● **EXERCISE DIRECTIONS**
Your answer is the listing, printed exactly as given.

● **EXERCISE DATA**
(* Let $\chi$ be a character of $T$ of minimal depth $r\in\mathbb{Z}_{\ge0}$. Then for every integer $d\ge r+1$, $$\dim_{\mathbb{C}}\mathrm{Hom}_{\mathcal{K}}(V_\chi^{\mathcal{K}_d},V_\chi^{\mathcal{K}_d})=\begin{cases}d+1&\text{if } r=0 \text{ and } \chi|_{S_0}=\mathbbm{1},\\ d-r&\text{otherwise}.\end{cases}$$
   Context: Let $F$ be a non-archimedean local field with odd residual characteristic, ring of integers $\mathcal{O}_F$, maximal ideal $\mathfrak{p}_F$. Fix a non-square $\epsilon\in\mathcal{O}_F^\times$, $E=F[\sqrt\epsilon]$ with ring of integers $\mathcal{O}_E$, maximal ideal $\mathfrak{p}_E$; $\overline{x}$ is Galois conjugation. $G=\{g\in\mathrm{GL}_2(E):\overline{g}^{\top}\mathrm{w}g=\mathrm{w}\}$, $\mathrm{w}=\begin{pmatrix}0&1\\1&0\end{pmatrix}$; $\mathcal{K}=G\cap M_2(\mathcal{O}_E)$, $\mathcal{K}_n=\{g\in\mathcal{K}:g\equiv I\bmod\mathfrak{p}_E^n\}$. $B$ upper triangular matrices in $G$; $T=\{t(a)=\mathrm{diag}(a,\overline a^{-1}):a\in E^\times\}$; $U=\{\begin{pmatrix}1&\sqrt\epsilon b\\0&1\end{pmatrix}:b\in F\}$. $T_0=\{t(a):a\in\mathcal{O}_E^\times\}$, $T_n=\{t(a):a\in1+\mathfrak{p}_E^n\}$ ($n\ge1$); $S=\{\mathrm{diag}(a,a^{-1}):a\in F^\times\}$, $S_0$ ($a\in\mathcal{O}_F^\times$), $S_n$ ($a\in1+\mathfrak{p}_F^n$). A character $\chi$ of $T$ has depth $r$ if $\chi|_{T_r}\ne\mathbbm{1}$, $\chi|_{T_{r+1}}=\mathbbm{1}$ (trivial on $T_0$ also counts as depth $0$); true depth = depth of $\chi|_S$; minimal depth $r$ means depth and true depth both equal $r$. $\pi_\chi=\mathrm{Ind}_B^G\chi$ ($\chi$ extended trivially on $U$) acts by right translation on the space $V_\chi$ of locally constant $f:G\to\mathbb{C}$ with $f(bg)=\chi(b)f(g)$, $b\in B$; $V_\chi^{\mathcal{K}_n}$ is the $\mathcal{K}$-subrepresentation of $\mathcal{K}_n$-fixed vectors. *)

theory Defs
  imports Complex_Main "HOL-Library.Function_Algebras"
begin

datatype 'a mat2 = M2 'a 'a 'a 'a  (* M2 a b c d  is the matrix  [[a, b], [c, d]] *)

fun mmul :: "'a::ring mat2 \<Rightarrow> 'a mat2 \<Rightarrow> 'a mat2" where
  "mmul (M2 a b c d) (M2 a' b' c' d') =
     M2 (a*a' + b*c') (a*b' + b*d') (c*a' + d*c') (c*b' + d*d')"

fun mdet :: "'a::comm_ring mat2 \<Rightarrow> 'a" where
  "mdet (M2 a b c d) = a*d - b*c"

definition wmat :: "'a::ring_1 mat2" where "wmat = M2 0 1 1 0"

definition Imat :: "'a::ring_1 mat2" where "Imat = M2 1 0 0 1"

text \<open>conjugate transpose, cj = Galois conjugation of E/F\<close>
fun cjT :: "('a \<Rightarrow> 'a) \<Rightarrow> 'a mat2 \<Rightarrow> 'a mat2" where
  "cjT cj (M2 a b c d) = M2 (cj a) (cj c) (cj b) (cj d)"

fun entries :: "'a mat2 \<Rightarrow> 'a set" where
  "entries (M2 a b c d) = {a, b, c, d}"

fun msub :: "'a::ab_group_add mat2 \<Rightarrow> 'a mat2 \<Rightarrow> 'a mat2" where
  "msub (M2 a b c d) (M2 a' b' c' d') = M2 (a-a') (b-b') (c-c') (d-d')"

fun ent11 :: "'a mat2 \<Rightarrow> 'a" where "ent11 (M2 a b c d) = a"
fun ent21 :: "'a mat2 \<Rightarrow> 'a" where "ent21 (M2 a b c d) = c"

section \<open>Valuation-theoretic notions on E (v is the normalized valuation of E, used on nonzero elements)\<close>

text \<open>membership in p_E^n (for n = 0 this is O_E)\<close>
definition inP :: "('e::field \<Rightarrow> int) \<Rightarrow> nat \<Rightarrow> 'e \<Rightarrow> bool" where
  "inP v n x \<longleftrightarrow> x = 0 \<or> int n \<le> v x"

● **RESULT OF THIS TASK**
(* Let $\chi$ be a character of $T$ of minimal depth $r\in\mathbb{Z}_{\ge0}$. Then for every integer $d\ge r+1$, $$\dim_{\mathbb{C}}\mathrm{Hom}_{\mathcal{K}}(V_\chi^{\mathcal{K}_d},V_\chi^{\mathcal{K}_d})=\begin{cases}d+1&\text{if } r=0 \text{ and } \chi|_{S_0}=\mathbbm{1},\\ d-r&\text{otherwise}.\end{cases}$$
   Context: Let $F$ be a non-archimedean local field with odd residual characteristic, ring of integers $\mathcal{O}_F$, maximal ideal $\mathfrak{p}_F$. Fix a non-square $\epsilon\in\mathcal{O}_F^\times$, $E=F[\sqrt\epsilon]$ with ring of integers $\mathcal{O}_E$, maximal ideal $\mathfrak{p}_E$; $\overline{x}$ is Galois conjugation. $G=\{g\in\mathrm{GL}_2(E):\overline{g}^{\top}\mathrm{w}g=\mathrm{w}\}$, $\mathrm{w}=\begin{pmatrix}0&1\\1&0\end{pmatrix}$; $\mathcal{K}=G\cap M_2(\mathcal{O}_E)$, $\mathcal{K}_n=\{g\in\mathcal{K}:g\equiv I\bmod\mathfrak{p}_E^n\}$. $B$ upper triangular matrices in $G$; $T=\{t(a)=\mathrm{diag}(a,\overline a^{-1}):a\in E^\times\}$; $U=\{\begin{pmatrix}1&\sqrt\epsilon b\\0&1\end{pmatrix}:b\in F\}$. $T_0=\{t(a):a\in\mathcal{O}_E^\times\}$, $T_n=\{t(a):a\in1+\mathfrak{p}_E^n\}$ ($n\ge1$); $S=\{\mathrm{diag}(a,a^{-1}):a\in F^\times\}$, $S_0$ ($a\in\mathcal{O}_F^\times$), $S_n$ ($a\in1+\mathfrak{p}_F^n$). A character $\chi$ of $T$ has depth $r$ if $\chi|_{T_r}\ne\mathbbm{1}$, $\chi|_{T_{r+1}}=\mathbbm{1}$ (trivial on $T_0$ also counts as depth $0$); true depth = depth of $\chi|_S$; minimal depth $r$ means depth and true depth both equal $r$. $\pi_\chi=\mathrm{Ind}_B^G\chi$ ($\chi$ extended trivially on $U$) acts by right translation on the space $V_\chi$ of locally constant $f:G\to\mathbb{C}$ with $f(bg)=\chi(b)f(g)$, $b\in B$; $V_\chi^{\mathcal{K}_n}$ is the $\mathcal{K}$-subrepresentation of $\mathcal{K}_n$-fixed vectors. *)

theory Defs
  imports Complex_Main "HOL-Library.Function_Algebras"
begin

datatype 'a mat2 = M2 'a 'a 'a 'a  (* M2 a b c d  is the matrix  [[a, b], [c, d]] *)

fun mmul :: "'a::ring mat2 \<Rightarrow> 'a mat2 \<Rightarrow> 'a mat2" where
  "mmul (M2 a b c d) (M2 a' b' c' d') =
     M2 (a*a' + b*c') (a*b' + b*d') (c*a' + d*c') (c*b' + d*d')"

fun mdet :: "'a::comm_ring mat2 \<Rightarrow> 'a" where
  "mdet (M2 a b c d) = a*d - b*c"

definition wmat :: "'a::ring_1 mat2" where "wmat = M2 0 1 1 0"

definition Imat :: "'a::ring_1 mat2" where "Imat = M2 1 0 0 1"

text \<open>conjugate transpose, cj = Galois conjugation of E/F\<close>
fun cjT :: "('a \<Rightarrow> 'a) \<Rightarrow> 'a mat2 \<Rightarrow> 'a mat2" where
  "cjT cj (M2 a b c d) = M2 (cj a) (cj c) (cj b) (cj d)"

fun entries :: "'a mat2 \<Rightarrow> 'a set" where
  "entries (M2 a b c d) = {a, b, c, d}"

fun msub :: "'a::ab_group_add mat2 \<Rightarrow> 'a mat2 \<Rightarrow> 'a mat2" where
  "msub (M2 a b c d) (M2 a' b' c' d') = M2 (a-a') (b-b') (c-c') (d-d')"

fun ent11 :: "'a mat2 \<Rightarrow> 'a" where "ent11 (M2 a b c d) = a"
fun ent21 :: "'a mat2 \<Rightarrow> 'a" where "ent21 (M2 a b c d) = c"

section \<open>Valuation-theoretic notions on E (v is the normalized valuation of E, used on nonzero elements)\<close>

text \<open>membership in p_E^n (for n = 0 this is O_E)\<close>
definition inP :: "('e::field \<Rightarrow> int) \<Rightarrow> nat \<Rightarrow> 'e \<Rightarrow> bool" where
  "inP v n x \<longleftrightarrow> x = 0 \<or> int n \<le> v x"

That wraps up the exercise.